Search the lines of the records for the word "intro", and copy every line that has it.
=== Section Start ===
(* Let $X$ be a finite $T_0$ topological space, $\mathcal V$ a multivector field on $X$, and $\gamma$ an essential solution in $X$. Then there exist an essential solution $\rho$ in $\alpha(\gamma)$ with $\operatorname{im}\rho=\alpha(\gamma)$ and an essential solution $\rho'$ in $\omega(\gamma)$ with $\operatorname{im}\rho'=\omega(\gamma)$.
   Context: Notation: $\operatorname{cl}$ is closure; $A\subset X$ is locally closed if $\operatorname{cl}A\setminus A$ is closed. A multivector field $\mathcal V$ on $X$ is a partition of $X$ into locally closed sets (multivectors); $[x]_{\mathcal V}$ is the multivector containing $x$. A multivector $V$ is critical if $H(\operatorname{cl}V,\operatorname{cl}V\setminus V)$ (relative singular homology) is nontrivial, regular otherwise. $A$ is $\mathcal V$-compatible if it is a union of multivectors; $\langle A\rangle_{\mathcal V}$ is the smallest locally closed $\mathcal V$-compatible set containing $A$. $\Pi_{\mathcal V}(x)=\operatorname{cl}\{x\}\cup[x]_{\mathcal V}$. A solution is a partial map $\gamma:\mathbb Z\nrightarrow X$ with domain an integer interval and $\gamma(t+1)\in\Pi_{\mathcal V}(\gamma(t))$; a full solution has domain $\mathbb Z$. $\alpha(\gamma)=\langle\bigcap_{t\le0}\gamma((-\infty,t])\rangle_{\mathcal V}$, $\omega(\gamma)=\langle\bigcap_{t\ge0}\gamma([t,\infty))\rangle_{\mathcal V}$. A full solution is essential unless $\alpha(\gamma)$ or $\omega(\gamma)$ is contained in a single regular multivector; an essential solution in $A$ is an essential full solution with image in $A$. *)

theory Defs
  imports "HOL-Analysis.Analysis" "HOL-Homology.Homology"
begin
lemma norm_root_coeff_shift_le:
  assumes "cmod s \<le> S" "\<beta> > 0"
  shows "cmod (root_coeff s \<beta> - of_real \<beta> - s\<^sup>2 + 1) \<le> shift_bound S \<beta>"
proof -
  have "cmod (root_coeff s \<beta> - of_real \<beta> - s\<^sup>2 + 1)
      \<le> cmod (root_coeff s \<beta>) + cmod (of_real \<beta> :: complex) + cmod (s\<^sup>2) + 1"
    using norm_triangle_ineq[of "root_coeff s \<beta> - of_real \<beta> - s\<^sup>2" 1]
      norm_triangle_ineq4[of "root_coeff s \<beta> - of_real \<beta>" "s\<^sup>2"]
      norm_triangle_ineq4[of "root_coeff s \<beta>" "of_real \<beta>"] by simp
  also have "\<dots> \<le> root_coeff_bound S \<beta> + \<beta> + S\<^sup>2 + 1"
    using assms norm_root_coeff_le[OF assms] power_mono[of "cmod s" S 2]
    by (intro add_mono) (simp_all add: norm_power)
  finally show ?thesis by (simp add: shift_bound_def)
qed

lemma approx_root_defect_eq:
  fixes s :: complex and \<beta> x y :: real
  defines "c \<equiv> root_coeff s \<beta>"
  defines "q \<equiv> c - of_real \<beta> - s\<^sup>2 + 1"
  defines "X \<equiv> complex_of_real x"
  defines "Y \<equiv> complex_of_real y"
  shows "approx_root s \<beta> x * approx_root s \<beta> y - (2 + (of_real \<beta> + s\<^sup>2 - 1) * X\<^sup>2) * approx_root s \<beta> y
           + 1 + (of_real \<beta> - 1) * X\<^sup>2
    = (1/2 - of_real \<beta>) * X * (Y - X) - c * (Y - X)\<^sup>2 + s * (X ^ 3 / 2 - (Y - X))
      + s * (2 * c + q) * X\<^sup>2 * (Y - X) + s * c * X * (Y - X)\<^sup>2 + q * c * X\<^sup>2 * Y\<^sup>2"
  unfolding approx_root_def q_def c_def root_coeff_def X_def Y_def
  by (simp add: field_simps power2_eq_square power3_eq_cube)

lemma approx_root_defect_le:
  fixes s :: complex and \<beta> S x y :: real
  assumes x: "0 < x" "x\<^sup>2 \<le> 1/2" and y: "0 < y" "y\<^sup>2 - x\<^sup>2 = x\<^sup>2 * y\<^sup>2"
    and S: "cmod s \<le> S" and \<beta>: "\<beta> > 0"
  defines "X \<equiv> complex_of_real x"
  shows "cmod (approx_root s \<beta> x * approx_root s \<beta> y
                - (2 + (of_real \<beta> + s\<^sup>2 - 1) * X\<^sup>2) * approx_root s \<beta> y + 1 + (of_real \<beta> - 1) * X\<^sup>2)
           \<le> defect_bound S \<beta> / 2 * x ^ 4"
proof -
  note gap = reciprocal_square_gap_bounds[OF x(1) y x(2)]
  define d where "d = y - x"
  have d0: "0 \<le> d" and d3: "d \<le> x ^ 3" and d5: "\<bar>x ^ 3 / 2 - d\<bar> \<le> x ^ 5" and yy: "y\<^sup>2 \<le> 2 * x\<^sup>2"
    using gap by (auto simp: d_def)
  define c where "c = root_coeff s \<beta>"
  define q where "q = c - of_real \<beta> - s\<^sup>2 + 1"
  define C where "C = root_coeff_bound S \<beta>"
  define Q where "Q = shift_bound S \<beta>"
  define Y where "Y = complex_of_real y"
  have cb: "cmod c \<le> C" unfolding c_def C_def by (rule norm_root_coeff_le[OF S \<beta>])
  have qb: "cmod q \<le> Q" unfolding q_def c_def Q_def by (rule norm_root_coeff_shift_le[OF S \<beta>])
  have cqb: "cmod (2 * c + q) \<le> 2 * C + Q"
    using norm_triangle_ineq[of "2 * c" q] cb qb by (simp add: norm_mult)
  have S0: "S \<ge> 0" using S norm_ge_zero[of s] by linarith
  have C0: "C \<ge> 0" and Q0: "Q \<ge> 0"
    using root_coeff_bound_pos[OF \<beta>] shift_bound_pos[OF \<beta>] by (auto simp: C_def Q_def less_imp_le)
  have YX: "Y - X = of_real d" by (simp add: d_def X_def Y_def)
  have real_diff: "X ^ 3 / 2 - (Y - X) = of_real (x ^ 3 / 2 - d)" by (simp add: d_def X_def Y_def)
  have x1: "x \<le> 1"
    by (rule power2_le_imp_le) (use x in simp_all)
  have x_pow: "x ^ k \<le> x ^ j" if "j \<le> k" for j k using x x1 that by (simp add: power_decreasing)
  have t1: "cmod ((1/2 - of_real \<beta>) * X * (Y - X)) \<le> \<bar>1/2 - \<beta>\<bar> * x ^ 4"
  proof -
    have real: "(1/2 - of_real \<beta>) * X * (Y - X) = of_real ((1/2 - \<beta>) * x * d)"
      unfolding YX unfolding X_def by simp
    have "cmod ((1/2 - of_real \<beta>) * X * (Y - X)) = \<bar>1/2 - \<beta>\<bar> * (x * d)"
      unfolding real norm_of_real using x d0 by (simp add: abs_mult)
    also have "\<dots> \<le> \<bar>1/2 - \<beta>\<bar> * (x * x ^ 3)" using d3 x by (intro mult_left_mono) auto
    finally show ?thesis by (simp add: power_numeral_reduce)
  qed
  have t2: "cmod (c * (Y - X)\<^sup>2) \<le> C * x ^ 4"
  proof -
    have "cmod (c * (Y - X)\<^sup>2) = cmod c * d\<^sup>2" unfolding YX by (simp add: norm_mult norm_power)
    also have "\<dots> \<le> C * (x ^ 3)\<^sup>2" using cb d0 d3 C0 by (intro mult_mono power_mono) auto
    also have "\<dots> \<le> C * x ^ 4"
      using C0 x_pow[of 4 6] by (intro mult_left_mono) (auto simp flip: power_mult)
    finally show ?thesis .
  qed
  have t3: "cmod (s * (X ^ 3 / 2 - (Y - X))) \<le> S * x ^ 4"
  proof -
    have "cmod (s * (X ^ 3 / 2 - (Y - X))) = cmod s * \<bar>x ^ 3 / 2 - d\<bar>"
      unfolding real_diff by (simp only: norm_mult norm_of_real)
    also have "\<dots> \<le> S * x ^ 5" using S d5 S0 by (intro mult_mono) auto
    also have "\<dots> \<le> S * x ^ 4" using S0 x_pow[of 4 5] by (intro mult_left_mono) auto
    finally show ?thesis .
  qed
  have t4: "cmod (s * (2 * c + q) * X\<^sup>2 * (Y - X)) \<le> S * (2 * C + Q) * x ^ 4"
  proof -
    have "cmod (s * (2 * c + q) * X\<^sup>2 * (Y - X)) = cmod s * cmod (2 * c + q) * (x\<^sup>2 * d)"
      unfolding YX unfolding X_def using d0 by (simp add: norm_mult norm_power)
    also have "\<dots> \<le> S * (2 * C + Q) * (x\<^sup>2 * x ^ 3)"
      using S cqb d0 d3 x S0 C0 Q0 by (intro mult_mono) auto
    also have "\<dots> \<le> S * (2 * C + Q) * x ^ 4"
      using S0 C0 Q0 x_pow[of 4 5] by (intro mult_left_mono) (auto simp flip: power_add)
    finally show ?thesis .
  qed
  have t5: "cmod (s * c * X * (Y - X)\<^sup>2) \<le> S * C * x ^ 4"
  proof -
    have "cmod (s * c * X * (Y - X)\<^sup>2) = cmod s * cmod c * (x * d\<^sup>2)"
      unfolding YX unfolding X_def using d0 x by (simp add: norm_mult norm_power)
    also have "\<dots> \<le> S * C * (x * (x ^ 3)\<^sup>2)"
      using S cb d0 d3 x S0 C0 by (intro mult_mono power_mono) auto
    also have "\<dots> \<le> S * C * x ^ 4"
      using S0 C0 x_pow[of 4 7] by (intro mult_left_mono) (auto simp flip: power_mult power_Suc)
    finally show ?thesis .
  qed
  have t6: "cmod (q * c * X\<^sup>2 * Y\<^sup>2) \<le> 2 * Q * C * x ^ 4"
  proof -
    have "cmod (q * c * X\<^sup>2 * Y\<^sup>2) = cmod q * cmod c * (x\<^sup>2 * y\<^sup>2)"
      unfolding X_def Y_def by (simp add: norm_mult norm_power)
    also have "\<dots> \<le> Q * C * (x\<^sup>2 * (2 * x\<^sup>2))"
      using qb cb yy Q0 C0 by (intro mult_mono) auto
    finally show ?thesis by (simp add: mult_ac power_numeral_reduce)
  qed
  have "cmod ((1/2 - of_real \<beta>) * X * (Y - X) - c * (Y - X)\<^sup>2 + s * (X ^ 3 / 2 - (Y - X))
      + s * (2 * c + q) * X\<^sup>2 * (Y - X) + s * c * X * (Y - X)\<^sup>2 + q * c * X\<^sup>2 * Y\<^sup>2)
    \<le> \<bar>1/2 - \<beta>\<bar> * x ^ 4 + C * x ^ 4 + S * x ^ 4 + S * (2 * C + Q) * x ^ 4
      + S * C * x ^ 4 + 2 * Q * C * x ^ 4"
    using t1 t2 t3 t4 t5 t6 by (smt (verit) norm_triangle_ineq norm_triangle_ineq4)
  thus ?thesis
    unfolding approx_root_defect_eq X_def Y_def c_def q_def
    by (simp add: defect_bound_def C_def Q_def algebra_simps)
qed

lemma ratio_map_approx_root:
  fixes s :: complex and \<beta> S :: real and n :: nat
  assumes n: "n \<ge> 2" and S: "cmod s \<le> S" and \<beta>: "\<beta> > 0"
  defines "x \<equiv> 1 / sqrt (real n)" and "y \<equiv> 1 / sqrt (real n - 1)"
  assumes large: "cmod (approx_root s \<beta> y) \<ge> 1/2"
  shows "cmod (ratio_map s \<beta> n (approx_root s \<beta> y) - approx_root s \<beta> x) \<le> defect_bound S \<beta> * x ^ 4"
proof -
  have n_pos: "real n > 0" "real n - 1 > 0" using n by auto
  have x0: "x > 0" and y0: "y > 0" using n_pos by (simp_all add: x_def y_def)
  have x2: "x\<^sup>2 = 1 / real n" and y2: "y\<^sup>2 = 1 / (real n - 1)"
    using n_pos by (simp_all add: x_def y_def power_divide)
  have gap: "y\<^sup>2 - x\<^sup>2 = x\<^sup>2 * y\<^sup>2" unfolding x2 y2 using n_pos by (simp add: field_simps)
  have x_small: "x\<^sup>2 \<le> 1/2" unfolding x2 using n by (simp add: field_simps)
  define X where "X = complex_of_real x"
  define a where "a = approx_root s \<beta> y"
  define E where "E = approx_root s \<beta> x * a - (2 + (of_real \<beta> + s\<^sup>2 - 1) * X\<^sup>2) * a + 1 + (of_real \<beta> - 1) * X\<^sup>2"
  have a_nz: "a \<noteq> 0" using large by (auto simp: a_def)
  have X_nz: "X \<noteq> 0" using x0 by (simp add: X_def)
  have "real n = 1 / x\<^sup>2" using x2 n_pos by simp
  hence "complex_of_real (real n) = complex_of_real (1 / x\<^sup>2)" by simp
  hence n_eq: "(of_nat n :: complex) = 1 / X\<^sup>2" by (simp add: X_def)
  have "ratio_map s \<beta> n a - approx_root s \<beta> x = - E / a"
    unfolding ratio_map_def n_eq E_def using X_nz a_nz by (simp add: field_simps)
  hence "cmod (ratio_map s \<beta> n a - approx_root s \<beta> x) = cmod E / cmod a"
    by (simp add: norm_divide)
  also have "\<dots> \<le> cmod E / (1/2)" using large a_nz by (intro divide_left_mono) (auto simp: a_def)
  also have "\<dots> \<le> defect_bound S \<beta> * x ^ 4"
    using approx_root_defect_le[OF x0 x_small y0 gap S \<beta>] by (simp add: E_def X_def a_def)
  finally show ?thesis by (simp add: a_def)
qed
(* (Soundness.) Every rule of the calculus D.BL is sound with respect to perfect heterogeneous bilattices, and every rule of D.CBL is sound with respect to perfect heterogeneous bilattices with conflation: for every perfect HBL (resp. perfect HCBL) $(\mathbb{L}_1,\mathbb{L}_2,\mathrm{n},\mathrm{p})$ and every assignment of the type-$i$ atoms to elements of $\mathbb{L}_i$ ($i=1,2$), if the interpretations of all premises of the rule hold, then the interpretation of its conclusion holds; in particular, every sequent derivable in D.BL (resp. D.CBL) holds under every assignment in every perfect HBL (resp. perfect HCBL).
   Context: A heterogeneous bilattice (HBL) is a tuple $(\mathbb{L}_1,\mathbb{L}_2,\mathrm{n},\mathrm{p})$ where $\mathbb{L}_1=(L_1,\sqcap_1,\sqcup_1,0_1,1_1)$ and $\mathbb{L}_2=(L_2,\sqcap_2,\sqcup_2,0_2,1_2)$ are bounded distributive lattices and $\mathrm{n}:\mathbb{L}_1\to\mathbb{L}_2$, $\mathrm{p}:\mathbb{L}_2\to\mathbb{L}_1$ are mutually inverse lattice isomorphisms. A heterogeneous bilattice with conflation (HCBL) is defined in the same way except that $\mathbb{L}_1,\mathbb{L}_2$ are De Morgan algebras (with De Morgan negations ${\sim}_1,{\sim}_2$) and $\mathrm{n},\mathrm{p}$ are mutually inverse De Morgan algebra isomorphisms (so also $\mathrm{n}({\sim}_1a)={\sim}_2\mathrm{n}(a)$, $\mathrm{p}({\sim}_2b)={\sim}_1\mathrm{p}(b)$). An HBL/HCBL is perfect if $\mathbb{L}_1,\mathbb{L}_2$ are perfect distributive lattices (complete, completely distributive, completely join-generated by completely join-irreducible elements and completely meet-generated by completely meet-irreducible elements) and $\mathrm{n},\mathrm{p}$ preserve arbitrary joins and meets. Calculus D.BL. There are two types, $1$ and $2$; for each $i$ fix a countable set of type-$i$ atoms $p_i,q_i,\dots$. Type-1 formulas: $A_1::=p_1\mid 1_1\mid 0_1\mid \mathrm{p}A_2\mid A_1\sqcap_1A_1\mid A_1\sqcup_1A_1$; type-2 formulas: $A_2::=p_2\mid 1_2\mid 0_2\mid \mathrm{n}A_1\mid A_2\sqcap_2A_2\mid A_2\sqcup_2A_2$. Type-1 structures: $X_1::=A_1\mid \hat1_1\mid\check0_1\mid \mathrm{P}X_2\mid X_1\hat\sqcap_1X_1\mid X_1\check\sqcup_1X_1\mid X_1\check\sqsupset_1X_1\mid X_1\hat\sqsubset_1X_1$; type-2 structures: $X_2::=A_2\mid \hat1_2\mid\check0_2\mid \mathrm{N}X_1\mid X_2\hat\sqcap_2X_2\mid X_2\check\sqcup_2X_2\mid X_2\check\sqsupset_2X_2\mid X_2\hat\sqsubset_2X_2$. A sequent is $X_i\vdash Y_i$ with both sides of the same type. Rules (for $i\in\{1,2\}$; $X,Y,Z,W$ type-$i$ structures and $A,B$ type-$i$ formulas unless indexed otherwise; "$\Leftrightarrow$" means the rule applies in both directions): Display: $X\hat\sqcap_iY\vdash Z\Leftrightarrow X\vdash Y\check\sqsupset_iZ$; $X\vdash Y\check\sqcup_iZ\Leftrightarrow X\hat\sqsubset_iY\vdash Z$; $\mathrm{P}X_2\vdash Y_1\Leftrightarrow X_2\vdash \mathrm{N}Y_1$; $\mathrm{N}X_1\vdash Y_2\Leftrightarrow X_1\vdash\mathrm{P}Y_2$. Identity $p_i\vdash p_i$ for atoms; Cut: from $X\vdash A$ and $A\vdash Y$ infer $X\vdash Y$. Structural: from $X\hat\sqcap_i\hat1_i\vdash Y$ infer $X\vdash Y$; from $X\vdash Y\check\sqcup_i\check0_i$ infer $X\vdash Y$; from $X\hat\sqcap_iY\vdash Z$ infer $Y\hat\sqcap_iX\vdash Z$; from $X\vdash Y\check\sqcup_iZ$ infer $X\vdash Z\check\sqcup_iY$; from $(X\hat\sqcap_iY)\hat\sqcap_iZ\vdash W$ infer $X\hat\sqcap_i(Y\hat\sqcap_iZ)\vdash W$; from $X\vdash(Y\check\sqcup_iZ)\check\sqcup_iW$ infer $X\vdash Y\check\sqcup_i(Z\check\sqcup_iW)$; from $X\vdash Z$ infer $X\hat\sqcap_iY\vdash Z$; from $X\vdash Y$ infer $X\vdash Y\check\sqcup_iZ$; from $X\hat\sqcap_iX\vdash Z$ infer $X\vdash Z$; from $X\vdash Y\check\sqcup_iY$ infer $X\vdash Y$. Operational: from $\hat1_i\vdash X$ infer $1_i\vdash X$; axiom $\hat1_i\vdash 1_i$; axiom $0_i\vdash\check0_i$; from $X\vdash\check0_i$ infer $X\vdash 0_i$; from $A\hat\sqcap_iB\vdash X$ infer $A\sqcap_iB\vdash X$; from $X\vdash A$ and $Y\vdash B$ infer $X\hat\sqcap_iY\vdash A\sqcap_iB$; from $A\vdash X$ and $B\vdash Y$ infer $A\sqcup_iB\vdash X\check\sqcup_iY$; from $X\vdash A\check\sqcup_iB$ infer $X\vdash A\sqcup_iB$. Multi-type structural: $X_1\vdash Y_1\Leftrightarrow \mathrm{N}X_1\vdash\mathrm{N}Y_1$; $X_2\vdash Y_2\Leftrightarrow\mathrm{P}X_2\vdash\mathrm{P}Y_2$; from $\check0_1\vdash X_1$ infer $\mathrm{P}\check0_2\vdash X_1$; from $X_1\vdash\hat1_1$ infer $X_1\vdash\mathrm{P}\hat1_2$. Multi-type operational: from $\mathrm{N}A_1\vdash X_2$ infer $\mathrm{n}A_1\vdash X_2$; from $X_2\vdash\mathrm{N}A_1$ infer $X_2\vdash\mathrm{n}A_1$; from $\mathrm{P}A_2\vdash X_1$ infer $\mathrm{p}A_2\vdash X_1$; from $X_1\vdash\mathrm{P}A_2$ infer $X_1\vdash\mathrm{p}A_2$. Calculus D.CBL: add formulas ${\sim}_iA_i$ and structures $\ast_iX_i$ of type $i$, and the rules $\ast_iX\vdash Y\Leftrightarrow\ast_iY\vdash X$; $X\vdash\ast_iY\Leftrightarrow Y\vdash\ast_iX$; $X\vdash Y\Leftrightarrow\ast_iY\vdash\ast_iX$; from $\mathrm{N}\ast_1X_1\vdash Y_2$ infer $\ast_2\mathrm{N}X_1\vdash Y_2$; from $X_2\vdash\mathrm{N}\ast_1Y_1$ infer $X_2\vdash\ast_2\mathrm{N}Y_1$; from $\ast_iA\vdash Y$ infer ${\sim}_iA\vdash Y$; from $X\vdash\ast_iA$ infer $X\vdash{\sim}_iA$. Derivations are finite trees of rule applications with axioms at the leaves. Interpretation: given an assignment of atoms, formulas are interpreted with $\sqcap_i,\sqcup_i,0_i,1_i,\mathrm{n},\mathrm{p},{\sim}_i$ as the algebra operations; structures are interpreted by reading $\hat1_i,\check0_i,\hat\sqcap_i,\check\sqcup_i,\mathrm{N},\mathrm{P},\ast_i$ as $1_i,0_i,\sqcap_i,\sqcup_i,\mathrm{n},\mathrm{p},{\sim}_i$, $Y\check\sqsupset_iZ$ as the right residual of $\sqcap_i$ (the largest $x$ with $x\sqcap_i y\le z$) and $X\hat\sqsubset_iY$ as the left residual of $\sqcup_i$ (the least $z$ with $x\le y\sqcup_i z$), which exist in perfect lattices. A sequent $X\vdash Y$ holds if the interpretation of $X$ is $\le_i$ that of $Y$. *)

theory Defs
  imports Main
begin

text \<open>A perfect distributive lattice is rendered as a type of class complete_distrib_lattice
 (complete and completely distributive in the sense of the Inf-Sup law), which moreover is
 completely join-generated by its completely join-irreducible elements and completely
 meet-generated by its completely meet-irreducible elements.\<close>

definition cji :: "'a::complete_lattice \<Rightarrow> bool" where
  "cji j \<longleftrightarrow> (\<forall>S. j = Sup S \<longrightarrow> j \<in> S)"

definition cmi :: "'a::complete_lattice \<Rightarrow> bool" where
  "cmi m \<longleftrightarrow> (\<forall>S. m = Inf S \<longrightarrow> m \<in> S)"

definition perfect_lattice :: "'a::complete_distrib_lattice itself \<Rightarrow> bool" where
  "perfect_lattice _ \<longleftrightarrow>
     (\<forall>x::'a. x = Sup {j. cji j \<and> j \<le> x}) \<and>
     (\<forall>x::'a. x = Inf {m. cmi m \<and> x \<le> m})"

definition lattice_iso_pair ::
  "('a::complete_distrib_lattice \<Rightarrow> 'b::complete_distrib_lattice) \<Rightarrow> ('b \<Rightarrow> 'a) \<Rightarrow> bool" where
  "lattice_iso_pair n p \<longleftrightarrow>
     (\<forall>a. p (n a) = a) \<and> (\<forall>b. n (p b) = b) \<and>
     (\<forall>a b. n (inf a b) = inf (n a) (n b)) \<and> (\<forall>a b. n (sup a b) = sup (n a) (n b)) \<and>
     n bot = bot \<and> n top = top \<and>
     (\<forall>a b. p (inf a b) = inf (p a) (p b)) \<and> (\<forall>a b. p (sup a b) = sup (p a) (p b)) \<and>
     p bot = bot \<and> p top = top"

definition perfect_HBL ::
  "('a::complete_distrib_lattice \<Rightarrow> 'b::complete_distrib_lattice) \<Rightarrow> ('b \<Rightarrow> 'a) \<Rightarrow> bool" where
  "perfect_HBL n p \<longleftrightarrow>
     perfect_lattice TYPE('a) \<and> perfect_lattice TYPE('b) \<and> lattice_iso_pair n p \<and>
     (\<forall>A. n (Sup A) = Sup (n ` A)) \<and> (\<forall>A. n (Inf A) = Inf (n ` A)) \<and>
     (\<forall>B. p (Sup B) = Sup (p ` B)) \<and> (\<forall>B. p (Inf B) = Inf (p ` B))"

definition de_morgan_neg :: "('a::distrib_lattice \<Rightarrow> 'a) \<Rightarrow> bool" where
  "de_morgan_neg ng \<longleftrightarrow> (\<forall>a. ng (ng a) = a) \<and> (\<forall>a b. ng (sup a b) = inf (ng a) (ng b))"

definition perfect_HCBL ::
  "('a::complete_distrib_lattice \<Rightarrow> 'b::complete_distrib_lattice) \<Rightarrow> ('b \<Rightarrow> 'a)
   \<Rightarrow> ('a \<Rightarrow> 'a) \<Rightarrow> ('b \<Rightarrow> 'b) \<Rightarrow> bool" where
  "perfect_HCBL n p ng1 ng2 \<longleftrightarrow>
     perfect_HBL n p \<and> de_morgan_neg ng1 \<and> de_morgan_neg ng2 \<and>
     (\<forall>a. n (ng1 a) = ng2 (n a)) \<and> (\<forall>b. p (ng2 b) = ng1 (p b))"

section \<open>Syntax (formulas of D.CBL; D.BL formulas are the conflation-free ones)\<close>

datatype fm1 = At1 nat | One1 | Zero1 | Pf fm2 | Meet1 fm1 fm1 | Join1 fm1 fm1 | Neg1 fm1
     and fm2 = At2 nat | One2 | Zero2 | Nf fm1 | Meet2 fm2 fm2 | Join2 fm2 fm2 | Neg2 fm2

text \<open>Structures. SImp X Y stands for X \<sqsupset> Y (check), SCoimp X Y for X \<sqsubset> Y (hat),
 SStar for the structural conflation.\<close>
datatype str1 = F1 fm1 | SOne1 | SZero1 | SP str2 | SMeet1 str1 str1 | SJoin1 str1 str1
              | SImp1 str1 str1 | SCoimp1 str1 str1 | SStar1 str1
     and str2 = F2 fm2 | SOne2 | SZero2 | SN str1 | SMeet2 str2 str2 | SJoin2 str2 str2
              | SImp2 str2 str2 | SCoimp2 str2 str2 | SStar2 str2

datatype seq = Seq1 str1 str1 | Seq2 str2 str2

primrec cf_fm1 :: "fm1 \<Rightarrow> bool" and cf_fm2 :: "fm2 \<Rightarrow> bool" where
  "cf_fm1 (At1 k) = True" | "cf_fm1 One1 = True" | "cf_fm1 Zero1 = True"
| "cf_fm1 (Pf A) = cf_fm2 A" | "cf_fm1 (Meet1 A B) = (cf_fm1 A \<and> cf_fm1 B)"
| "cf_fm1 (Join1 A B) = (cf_fm1 A \<and> cf_fm1 B)" | "cf_fm1 (Neg1 A) = False"
| "cf_fm2 (At2 k) = True" | "cf_fm2 One2 = True" | "cf_fm2 Zero2 = True"
| "cf_fm2 (Nf A) = cf_fm1 A" | "cf_fm2 (Meet2 A B) = (cf_fm2 A \<and> cf_fm2 B)"
| "cf_fm2 (Join2 A B) = (cf_fm2 A \<and> cf_fm2 B)" | "cf_fm2 (Neg2 A) = False"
=== Section End ===
_Completed task_
    by (intro add_mono) (simp_all add: norm_power)
    also have "\<dots> \<le> \<bar>1/2 - \<beta>\<bar> * (x * x ^ 3)" using d3 x by (intro mult_left_mono) auto
    also have "\<dots> \<le> C * (x ^ 3)\<^sup>2" using cb d0 d3 C0 by (intro mult_mono power_mono) auto
      using C0 x_pow[of 4 6] by (intro mult_left_mono) (auto simp flip: power_mult)
    also have "\<dots> \<le> S * x ^ 5" using S d5 S0 by (intro mult_mono) auto
    also have "\<dots> \<le> S * x ^ 4" using S0 x_pow[of 4 5] by (intro mult_left_mono) auto
      using S cqb d0 d3 x S0 C0 Q0 by (intro mult_mono) auto
      using S0 C0 Q0 x_pow[of 4 5] by (intro mult_left_mono) (auto simp flip: power_add)
      using S cb d0 d3 x S0 C0 by (intro mult_mono power_mono) auto
      using S0 C0 x_pow[of 4 7] by (intro mult_left_mono) (auto simp flip: power_mult power_Suc)
      using qb cb yy Q0 C0 by (intro mult_mono) auto
  also have "\<dots> \<le> cmod E / (1/2)" using large a_nz by (intro divide_left_mono) (auto simp: a_def)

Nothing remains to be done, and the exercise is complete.